Auch mit Unterstützung des Promoters Berry Hearn hat das geklappt. Darts ist heute eine globale Trendsportart. Die PDC ist aber nicht der Darts-Weltverband. Es ist eine Firma, die komplett auf Profit ausgerichtet ist und nicht auf das Wohl der großen Masse schaut.

Nur 128 Profis

Für die Profitour gibt es nur 128 Plätze. Diese Spieler sind berechtigt, an allen Turnieren im Jahr teilzunehmen. Ein System, das für den PDC-Vorsitzenden Matt Porter wohl durchdacht ist: "Wir wissen, dass im Moment noch nicht einmal diese 128 genug Geld mit dem Dartssport verdienen. Wenn wir jetzt mehr Profis zulassen, würden wir nur die Zahl derjenigen anheben, die nicht davon leben können."

Porter schätzt, dass aktuell etwa die Hälfte der 128 Spieler ihren Lebensunterhalt mit den fliegenden Pfeilen finanzieren kann. Die Preisgeldstruktur begünstigt allerdings auch die Topspieler. Im vergangenen Jahr wurden rund 15 Millionen Euro ausgespielt. Alleine rund 15 Prozent kassierten die Sieger der großen Turniere.

Kampf um das goldene Ticket

Einmal im Jahr besteht für jeden Menschen die Möglichkeit, auf die Profitour zu kommen. In der Qualifying-School werden über mehrere Tage Plätze dafür ausgespielt, sogenannte Tourkarten. Die sind zunächst zwei Jahre gültig. Solange ist Zeit, um mit diesem goldenen Ticket unter die ersten 64 in der Weltrangliste zu kommen. Gelingt das nicht, ist die Tourkarte wieder weg.

In der kommenden Woche findet die Qualifying-School für 2023 statt. Gespielt wird zeitgleich in England und Deutschland. Der deutsche Austragungsort ist Kalkar an der niederländischen Grenze. In diesem Jahr werden insgesamt 27 Tourkarten ausgespielt. Zwischen zehn und 13 dürften es in Deutschland sein, je nach Teilnehmeranzahl.

Im vergangenen Jahr gingen bei der deutschen Qualifying-School fast 300 Spielerinnen und Spieler an den Start, gemeinsam mit England waren es über 600. Weil diesmal die Corona-Regeln vor Ort wegfallen, wird noch einmal mit einer Steigerung gerechnet. Um dort durchzukommen, braucht es neben spielerischem Können auch eine Portion Glück.

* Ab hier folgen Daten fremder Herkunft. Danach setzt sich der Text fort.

(* There is a quantum communication protocol of cost $O(\log N)$ in the one-clean-qubit model for the $\mathsf{ABCD}$ problem on $N\times N$ matrices such that every \textsc{yes} instance is accepted (output 1) with probability at least $0.95$ and every \textsc{no} instance is accepted with probability at most $0.55$.
   Context: Throughout, $N=2^n$ for a positive integer $n$, and $\mathsf{SU}(N)$ denotes the group of $N\times N$ complex unitary matrices of determinant $1$. The $\mathsf{ABCD}$ problem: Alice is given $A,C\in\mathsf{SU}(N)$ explicitly and Bob is given $B,D\in\mathsf{SU}(N)$ explicitly; they must output $1$ (a \textsc{yes} instance) if $\mathrm{Tr}(ABCD)\ge 0.9N$ and $0$ (a \textsc{no} instance) if $\mathrm{Tr}(ABCD)\le 0.1N$, promised that one of these holds. One-clean-qubit (more generally $k$-clean-qubit) model of communication: the initial joint state consists of $k$ qubits in the state $\lvert 0\rangle$ ($k=1$ here) together with $m$ qubits, unentangled from these, in the maximally mixed state; the players have no other private memory. The players take turns applying unitary operators (depending on their own inputs) to all $m+k$ qubits and sending all of them to the other player. At the end an arbitrary projective measurement independent of the inputs is performed and its outcome is the output. The cost of the protocol is the number of rounds times $(m+k)$. *)

theory Defs
  imports Complex_Main "Jordan_Normal_Form.Schur_Decomposition" "Jordan_Normal_Form.Determinant"
begin

definition mtrace :: "complex mat \<Rightarrow> complex" where
  "mtrace M = (\<Sum>i<dim_row M. M $$ (i,i))"

definition unitary_mat :: "nat \<Rightarrow> complex mat \<Rightarrow> bool" where
  "unitary_mat d U \<longleftrightarrow> U \<in> carrier_mat d d \<and> U * mat_adjoint U = 1\<^sub>m d"

definition SU :: "nat \<Rightarrow> complex mat set" where
  "SU d = {U. unitary_mat d U \<and> det U = 1}"

text \<open>Orthogonal projector on a d-dimensional space (the accepting projector of a
  two-outcome projective measurement).\<close>
definition projector_mat :: "nat \<Rightarrow> complex mat \<Rightarrow> bool" where
  "projector_mat d P \<longleftrightarrow> P \<in> carrier_mat d d \<and> P * P = P \<and> mat_adjoint P = P"

text \<open>Register of k+m qubits; basis index i < 2^(k+m), the clean qubits are the most
  significant ones.  Initial state: clean qubits in |0>, the other m qubits maximally mixed,
  i.e. the density matrix |0..0><0..0| (x) I/2^m.\<close>
definition init_state :: "nat \<Rightarrow> nat \<Rightarrow> complex mat" where
  "init_state k m = mat (2^(k+m)) (2^(k+m))
      (\<lambda>(i,j). if i = j \<and> i < 2^m then 1 / of_nat (2^m) else 0)"

fun protocol_unitary ::
  "(nat \<Rightarrow> complex mat \<Rightarrow> complex mat \<Rightarrow> complex mat) \<Rightarrow>
   (nat \<Rightarrow> complex mat \<Rightarrow> complex mat \<Rightarrow> complex mat) \<Rightarrow>
   nat \<Rightarrow> nat \<Rightarrow> complex mat \<Rightarrow> complex mat \<Rightarrow> complex mat \<Rightarrow> complex mat \<Rightarrow> complex mat" where
  "protocol_unitary Ua Ub d 0 A B C D = 1\<^sub>m d"
| "protocol_unitary Ua Ub d (Suc j) A B C D =
     (if even j then Ua j A C else Ub j B D) * protocol_unitary Ua Ub d j A B C D"

definition accept_prob ::
  "nat \<Rightarrow> nat \<Rightarrow> nat \<Rightarrow> (nat \<Rightarrow> complex mat \<Rightarrow> complex mat \<Rightarrow> complex mat) \<Rightarrow>
   (nat \<Rightarrow> complex mat \<Rightarrow> complex mat \<Rightarrow> complex mat) \<Rightarrow> complex mat \<Rightarrow>
   complex mat \<Rightarrow> complex mat \<Rightarrow> complex mat \<Rightarrow> complex mat \<Rightarrow> real" where
  "accept_prob k m r Ua Ub P A B C D =
     (let U = protocol_unitary Ua Ub (2^(k+m)) r A B C D
      in Re (mtrace (P * U * init_state k m * mat_adjoint U)))"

Von prominent bis Hobbyspieler

Die Spielstärke der Teilnehmenden reicht von Spitzenklasse bis Hobbyniveau. Auch prominente Darts-Namen müssen den Gang zur Qualifying-School antreten. Aus deutscher Sicht fällt da vor allem Max Hopp auf. Der ehemalige EM-Halbfinalist ist zum Ende der Saison aus den Top 64 gefallen und hat deshalb seine Spielberechtigung verloren. Auch die Engländerin Fallon Sherrock, die als bislang einzige Frau WM-Spiele gegen Männer gewonnen hat, kämpft seit Jahren um eine Tourkarte.

Generell gibt es viele, die schon länger auf dem Sprung vom ambitionierten Halbprofi zur Tourkarte stehen. Aus Deutschland ist da zum Beispiel Lukas Wenig zu nennen. Er will sich in der kommenden Woche den Traum vom Profi endlich erfüllen.

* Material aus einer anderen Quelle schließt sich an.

(* A $po$-$\Gamma$-semigroup $M$ is right regular if and only if for every fuzzy subset $f$ of $M$ we have $f\preceq (f\circ f)\circ 1$.
   Context: Let $M$ and $\Gamma$ be nonempty sets with a map $M\times\Gamma\times M\to M$, $(a,\gamma,b)\mapsto a\gamma b$, satisfying $(a\gamma b)\mu c=a\gamma(b\mu c)$ for all $a,b,c\in M$, $\gamma,\mu\in\Gamma$. A $po$-$\Gamma$-semigroup is such an $M$ with a partial order $\le$ such that $a\le b$ implies $a\gamma c\le b\gamma c$ and $c\gamma a\le c\gamma b$ for all $c\in M$, $\gamma\in\Gamma$. For $H\subseteq M$, $(H]=\{t\in M: t\le h \text{ for some } h\in H\}$; $a\Gamma a\Gamma M=\{a\gamma a\mu x: x\in M,\gamma,\mu\in\Gamma\}$. $M$ is right regular if $a\in(a\Gamma a\Gamma M]$ for every $a\in M$. A fuzzy subset of $M$ is a map $M\to[0,1]$; $1$ is the constant fuzzy subset with value $1$. For $c\in M$ let $A_c=\{(y,z)\in M\times M: c\le y\gamma z \text{ for some }\gamma\in\Gamma\}$. $(f\circ g)(c)=\bigvee_{(y,z)\in A_c}\min\{f(y),g(z)\}$ if $A_c\ne\emptyset$, and $0$ otherwise. $f\preceq g$ means $f(c)\le g(c)$ for all $c\in M$. *)

theory Defs
  imports Complex_Main
begin

(* A po-Gamma-semigroup: carrier = UNIV of type 'm, Gamma = UNIV of type 'g
   (HOL types are nonempty), ternary operation op, partial order le. *)
definition po_gamma_semigroup ::
  "('m \<Rightarrow> 'g \<Rightarrow> 'm \<Rightarrow> 'm) \<Rightarrow> ('m \<Rightarrow> 'm \<Rightarrow> bool) \<Rightarrow> bool" where
  "po_gamma_semigroup op le \<longleftrightarrow>
     (\<forall>a b c \<gamma> \<mu>. op (op a \<gamma> b) \<mu> c = op a \<gamma> (op b \<mu> c)) \<and>
     (\<forall>a. le a a) \<and>
     (\<forall>a b. le a b \<and> le b a \<longrightarrow> a = b) \<and>
     (\<forall>a b c. le a b \<and> le b c \<longrightarrow> le a c) \<and>
     (\<forall>a b c \<gamma>. le a b \<longrightarrow> le (op a \<gamma> c) (op b \<gamma> c) \<and> le (op c \<gamma> a) (op c \<gamma> b))"

definition down_closure :: "('m \<Rightarrow> 'm \<Rightarrow> bool) \<Rightarrow> 'm set \<Rightarrow> 'm set" where
  "down_closure le H = {t. \<exists>h\<in>H. le t h}"

definition aGaGM :: "('m \<Rightarrow> 'g \<Rightarrow> 'm \<Rightarrow> 'm) \<Rightarrow> 'm \<Rightarrow> 'm set" where
  "aGaGM op a = {op (op a \<gamma> a) \<mu> x | x \<gamma> \<mu>. True}"

definition right_regular ::
  "('m \<Rightarrow> 'g \<Rightarrow> 'm \<Rightarrow> 'm) \<Rightarrow> ('m \<Rightarrow> 'm \<Rightarrow> bool) \<Rightarrow> bool" where
  "right_regular op le \<longleftrightarrow> (\<forall>a. a \<in> down_closure le (aGaGM op a))"

definition fuzzy_subset :: "('m \<Rightarrow> real) \<Rightarrow> bool" where
  "fuzzy_subset f \<longleftrightarrow> (\<forall>x. 0 \<le> f x \<and> f x \<le> 1)"

definition A_set :: "('m \<Rightarrow> 'g \<Rightarrow> 'm \<Rightarrow> 'm) \<Rightarrow> ('m \<Rightarrow> 'm \<Rightarrow> bool) \<Rightarrow> 'm \<Rightarrow> ('m \<times> 'm) set" where
  "A_set op le c = {(y, z). \<exists>\<gamma>. le c (op y \<gamma> z)}"

(* fuzzy product f o g; the supremum is the real Sup of a nonempty set bounded by 1 *)
definition fuzzy_comp ::
  "('m \<Rightarrow> 'g \<Rightarrow> 'm \<Rightarrow> 'm) \<Rightarrow> ('m \<Rightarrow> 'm \<Rightarrow> bool) \<Rightarrow> ('m \<Rightarrow> real) \<Rightarrow> ('m \<Rightarrow> real) \<Rightarrow> 'm \<Rightarrow> real" where
  "fuzzy_comp op le f g c =
     (if A_set op le c \<noteq> {}
      then Sup ((\<lambda>(y, z). min (f y) (g z)) ` A_set op le c)
      else 0)"

definition fuzzy_le :: "('m \<Rightarrow> real) \<Rightarrow> ('m \<Rightarrow> real) \<Rightarrow> bool" where
  "fuzzy_le f g \<longleftrightarrow> (\<forall>c. f c \<le> g c)"

end

theory Submission
  imports Defs
begin

text \<open>Testing \<open>f \<preceq> (f \<circ> f) \<circ> 1\<close> at \<open>a\<close> with the characteristic function of \<open>{a}\<close>
  forces a chain \<open>a \<le> y \<mu> z\<close>, \<open>y \<le> a \<gamma> a\<close>, i.e. \<open>a \<le> a \<gamma> a \<mu> z\<close>, which is right
  regularity at \<open>a\<close>. Conversely, if \<open>a \<le> a \<gamma> a \<mu> x\<close> then the pairs \<open>(a, a)\<close> and
  \<open>(a \<gamma> a, x)\<close> witness \<open>f a \<le> (f \<circ> f)(a \<gamma> a)\<close> and \<open>(f \<circ> f)(a \<gamma> a) \<le> ((f \<circ> f) \<circ> 1)(a)\<close>.\<close>

lemma mem_A_set_iff [simp]: "(y, z) \<in> A_set op le c \<longleftrightarrow> (\<exists>\<gamma>. le c (op y \<gamma> z))"
  by (simp add: A_set_def)

lemma fuzzy_comp_ge:
  assumes "\<forall>x. f x \<le> 1" and "(y, z) \<in> A_set op le c"
  shows "min (f y) (g z) \<le> fuzzy_comp op le f g c"
proof -
  let ?S = "(\<lambda>(y, z). min (f y) (g z)) ` A_set op le c"
  have "bdd_above ?S"
    by (rule bdd_aboveI[where M = 1]) (use assms(1) in \<open>auto simp: min_le_iff_disj\<close>)
  then have "min (f y) (g z) \<le> Sup ?S"
    by (rule cSup_upper[rotated]) (use assms(2) in force)
  with assms(2) show ?thesis
    unfolding fuzzy_comp_def by (auto simp del: mem_A_set_iff)
qed

lemma fuzzy_comp_le_1:
  assumes "\<forall>x. f x \<le> 1"
  shows "fuzzy_comp op le f g c \<le> 1"
proof (cases "A_set op le c = {}")
  case False
  have "Sup ((\<lambda>(y, z). min (f y) (g z)) ` A_set op le c) \<le> 1"
    by (rule cSup_least) (use False assms in \<open>auto simp: min_le_iff_disj\<close>)
  with False show ?thesis unfolding fuzzy_comp_def by simp
qed (simp add: fuzzy_comp_def)

lemma fuzzy_comp_pos_imp_witness:
  assumes "fuzzy_comp op le f g c > 0"
  obtains y z where "(y, z) \<in> A_set op le c" and "f y > 0" and "g z > 0"
proof -
  let ?S = "(\<lambda>(y, z). min (f y) (g z)) ` A_set op le c"
  have ne: "A_set op le c \<noteq> {}"
    using assms by (auto simp: fuzzy_comp_def)
  have "\<exists>(y, z) \<in> A_set op le c. min (f y) (g z) > 0"
  proof (rule ccontr)
    assume "\<not> ?thesis"
    then have "Sup ?S \<le> 0"
      using ne by (intro cSup_least) (auto simp: not_less)
    with assms ne show False unfolding fuzzy_comp_def by simp
  qed
  then show ?thesis using that by auto
qed

lemma right_regular_at_imp_fuzzy_le:
  assumes refl: "\<And>b. le b b"
    and a: "le a (op (op a \<gamma> a) \<mu> x)"
    and f1: "\<forall>x. f x \<le> 1"
  shows "f a \<le> fuzzy_comp op le (fuzzy_comp op le f f) (\<lambda>_. 1) a"
proof -
  have "f a \<le> fuzzy_comp op le f f (op a \<gamma> a)"
    using fuzzy_comp_ge[OF f1, of a a op le "op a \<gamma> a" f] refl[of "op a \<gamma> a"] by auto
  also have "\<dots> = min (fuzzy_comp op le f f (op a \<gamma> a)) 1"
    using fuzzy_comp_le_1[OF f1, of op le f "op a \<gamma> a"] by simp
  also have "\<dots> \<le> fuzzy_comp op le (fuzzy_comp op le f f) (\<lambda>_. 1) a"
    using fuzzy_comp_le_1[OF f1] a by (intro fuzzy_comp_ge) auto
  finally show ?thesis .
qed

lemma fuzzy_comp_singleton_pos_imp_right_regular_at:
  assumes "po_gamma_semigroup op le"
    and pos: "fuzzy_comp op le (fuzzy_comp op le f f) (\<lambda>_. 1) a > 0"
    and f: "\<And>x. f x > 0 \<Longrightarrow> x = a"
  shows "a \<in> down_closure le (aGaGM op a)"
proof -
  obtain y z where yz: "(y, z) \<in> A_set op le a" and y: "fuzzy_comp op le f f y > 0"
    using fuzzy_comp_pos_imp_witness[OF pos] by blast
  obtain \<mu> where a: "le a (op y \<mu> z)"
    using yz by auto
  obtain u v where uv: "(u, v) \<in> A_set op le y" and "f u > 0" and "f v > 0"
    using fuzzy_comp_pos_imp_witness[OF y] by blast
  then have "u = a" and "v = a"
    using f by blast+
  with uv obtain \<gamma> where "le y (op a \<gamma> a)"
    by auto
  then have "le a (op (op a \<gamma> a) \<mu> z)"
    using a assms(1) unfolding po_gamma_semigroup_def by blast
  moreover have "op (op a \<gamma> a) \<mu> z \<in> aGaGM op a"
    unfolding aGaGM_def by blast
  ultimately show ?thesis
    unfolding down_closure_def by blast
qed

theorem theorem26:
  fixes op :: "'m \<Rightarrow> 'g \<Rightarrow> 'm \<Rightarrow> 'm" and le :: "'m \<Rightarrow> 'm \<Rightarrow> bool"
  assumes "po_gamma_semigroup op le"
  shows "right_regular op le \<longleftrightarrow>
    (\<forall>f. fuzzy_subset f \<longrightarrow>
       fuzzy_le f (fuzzy_comp op le (fuzzy_comp op le f f) (\<lambda>_. 1)))"
proof (intro iffI allI impI)
  fix f :: "'m \<Rightarrow> real"
  assume rr: "right_regular op le" and "fuzzy_subset f"
  then have f1: "\<forall>x. f x \<le> 1" by (simp add: fuzzy_subset_def)
  have refl: "\<And>b. le b b" using assms by (simp add: po_gamma_semigroup_def)
  show "fuzzy_le f (fuzzy_comp op le (fuzzy_comp op le f f) (\<lambda>_. 1))"
    unfolding fuzzy_le_def
  proof
    fix a
    obtain x \<gamma> \<mu> where "le a (op (op a \<gamma> a) \<mu> x)"
      using rr unfolding right_regular_def down_closure_def aGaGM_def by blast
    then show "f a \<le> fuzzy_comp op le (fuzzy_comp op le f f) (\<lambda>_. 1) a"
      by (rule right_regular_at_imp_fuzzy_le[OF refl _ f1])
  qed
next
  assume H: "\<forall>f. fuzzy_subset f \<longrightarrow>
       fuzzy_le f (fuzzy_comp op le (fuzzy_comp op le f f) (\<lambda>_. 1))"
  show "right_regular op le"
    unfolding right_regular_def
  proof
    fix a :: 'm
    define f where "f = (\<lambda>x. if x = a then 1 else (0::real))"
    have "fuzzy_subset f" by (simp add: f_def fuzzy_subset_def)
    with H have "f a \<le> fuzzy_comp op le (fuzzy_comp op le f f) (\<lambda>_. 1) a"
      by (simp add: fuzzy_le_def)
    then have "fuzzy_comp op le (fuzzy_comp op le f f) (\<lambda>_. 1) a > 0"
      by (simp add: f_def)
    moreover have "\<And>x. f x > 0 \<Longrightarrow> x = a"
      by (simp add: f_def split: if_splits)
    ultimately show "a \<in> down_closure le (aGaGM op a)"
      by (rule fuzzy_comp_singleton_pos_imp_right_regular_at[OF assms])
  qed
qed

end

Im vergangenen Jahr nutzte Wenig alle Möglichkeiten, die ohne Profistatus noch bleiben. Er spielte offene Qualifikationsturniere und war auf der zweitklassigen Challenge-Tour unterwegs. Die findet hauptsächlich in England statt und auch darüber bekommen die besten zwei des Jahres eine Tourkarte. Finanziell ist sie aber eher ein Minusgeschäft.

Nicht jeder geht ins Risiko

Wenn Wenig der Sprung auf die Profitour gelingt, würde er aber nicht sofort sein ganzes Leben auf den Dartssport ausrichten. "Ich könnte auf keinen Fall aufhören zu arbeiten. Dafür bin ich bei weitem nicht genug abgesichert. Alles auf eine Karte zu setzen, ist in der heutigen Zeit glaube ich auch nicht für jeden machbar."

Die Statistik gibt ihm recht: In den vergangenen fünf Jahren haben sich acht Deutsche eine Tourkarte gesichert. Vier haben sie wieder verloren. Sie konnten aus beruflichen oder finanziellen Gründen nicht genügend Turniere spielen.